Attachment and belonging
The typical peasant developed a very strong attachment to this structure. This was a far-reaching revolution, whose impact was psychological as much as architectural. Henceforth, attachment to ‘my house’ and separation from the neighbours became the psychological hallmark of a much more self-centred creature.
Stress of farming
The stress of farming had far-reaching consequences. It was the foundation of large-scale political and social systems. Sadly, the diligent peasants almost never achieved the future economic security they so craved through their hard work in the present. Everywhere, rulers and elites sprang up, living off the peasants’ surplus food and leaving them with only a bare subsistence.
Peasants and culture
These forfeited food surpluses fuelled politics, wars, art and philosophy. They built palaces, forts, monuments and temples. Until the late modern era, more than 90 percent of humans were peasants who rose each morning to till the land by the sweat of their brows.

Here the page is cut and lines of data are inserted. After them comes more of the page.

lemma fps_nth_pade_mult_compose_neg_X_diff:
  assumes "m < n" and "n \<le> m + 2" and "r \<le> n + n"
  shows "fps_nth (pade_P_fps n m * (pade_P_fps n m oo - fps_X)) r
         - fps_nth (pade_Q_fps n m * (pade_Q_fps n m oo - fps_X)) r
       = (if r = 2 * n then (-1) ^ n * (fps_nth (pade_P_fps n m) n)\<^sup>2 else 0)"
proof (cases "r = 2 * n")
  case True
  have "fps_nth (pade_P_fps n m * (pade_P_fps n m oo - fps_X)) (n + n)
      = fps_nth (pade_P_fps n m) n * ((-1) ^ n * fps_nth (pade_P_fps n m) n)"
    by (subst fps_nth_mult_top[of n _ n]) (simp_all add: fps_compose_uminus' fps_nth_pade_P_fps_eq_0)
  moreover have "fps_nth (pade_Q_fps n m * (pade_Q_fps n m oo - fps_X)) (n + n) = 0"
    using \<open>m < n\<close> by (intro fps_nth_mult_above[of m _ m])
      (simp_all add: fps_compose_uminus' fps_nth_pade_Q_fps_eq_0)
  ultimately show ?thesis
    using True by (simp add: mult_2 power2_eq_square)
next
  case False
  have "fps_nth (pade_P_fps n m * (pade_P_fps n m oo - fps_X)) r
      = fps_nth (pade_Q_fps n m * (pade_Q_fps n m oo - fps_X)) r"
  proof (cases "r \<le> n + m")
    case True
    then show ?thesis
      by (rule fps_nth_pade_mult_compose_neg_X_eq)
  next
    case False
    then have "odd r"
      using \<open>r \<noteq> 2 * n\<close> assms by presburger
    then show ?thesis
      by (simp add: fps_nth_mult_compose_neg_X_odd)
  qed
  then show ?thesis
    using False by simp
qed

Imagined orders are a way of cooperation
This is exactly what I mean by ‘imagined order’. We believe in a particular order not because it is objectively true, but because believing in it enables us to cooperate effectively and forge a better society. Imagined orders are not evil conspiracies or useless mirages. Rather, they are the only way large numbers of humans can cooperate effectively.
Wars and violence is difficult to organise
Of all human collective activities, the one most difficult to organise is violence. To say that a social order is maintained by military force immediately raises the question: what maintains the military order? It is impossible to organise an army solely by coercion. At least some of the commanders and soldiers must truly believe in something, be it God, honour, motherland, manhood or money.
Indoctrination from young
You also educate people thoroughly. From the moment they are born, you constantly remind them of the principles of the imagined order, which are incorporated into anything and everything. They are incorporated into fairy tales, dramas, paintings, songs, etiquette, political propaganda, architecture, recipes and fashions.
Birth of maths
When the amount of people and property in a particular society crossed a critical threshold, it became necessary to store and process large amounts of mathematical data. Since the human brain could not do it, the system collapsed. For thousands of years after the Agricultural Revolution, human social networks remained relatively small and simple.
Sounds like modern computing
What set apart Sumer, as well as pharaonic Egypt, ancient China and the Inca Empire, is that these cultures developed good techniques of archiving, cataloguing and retrieving written records.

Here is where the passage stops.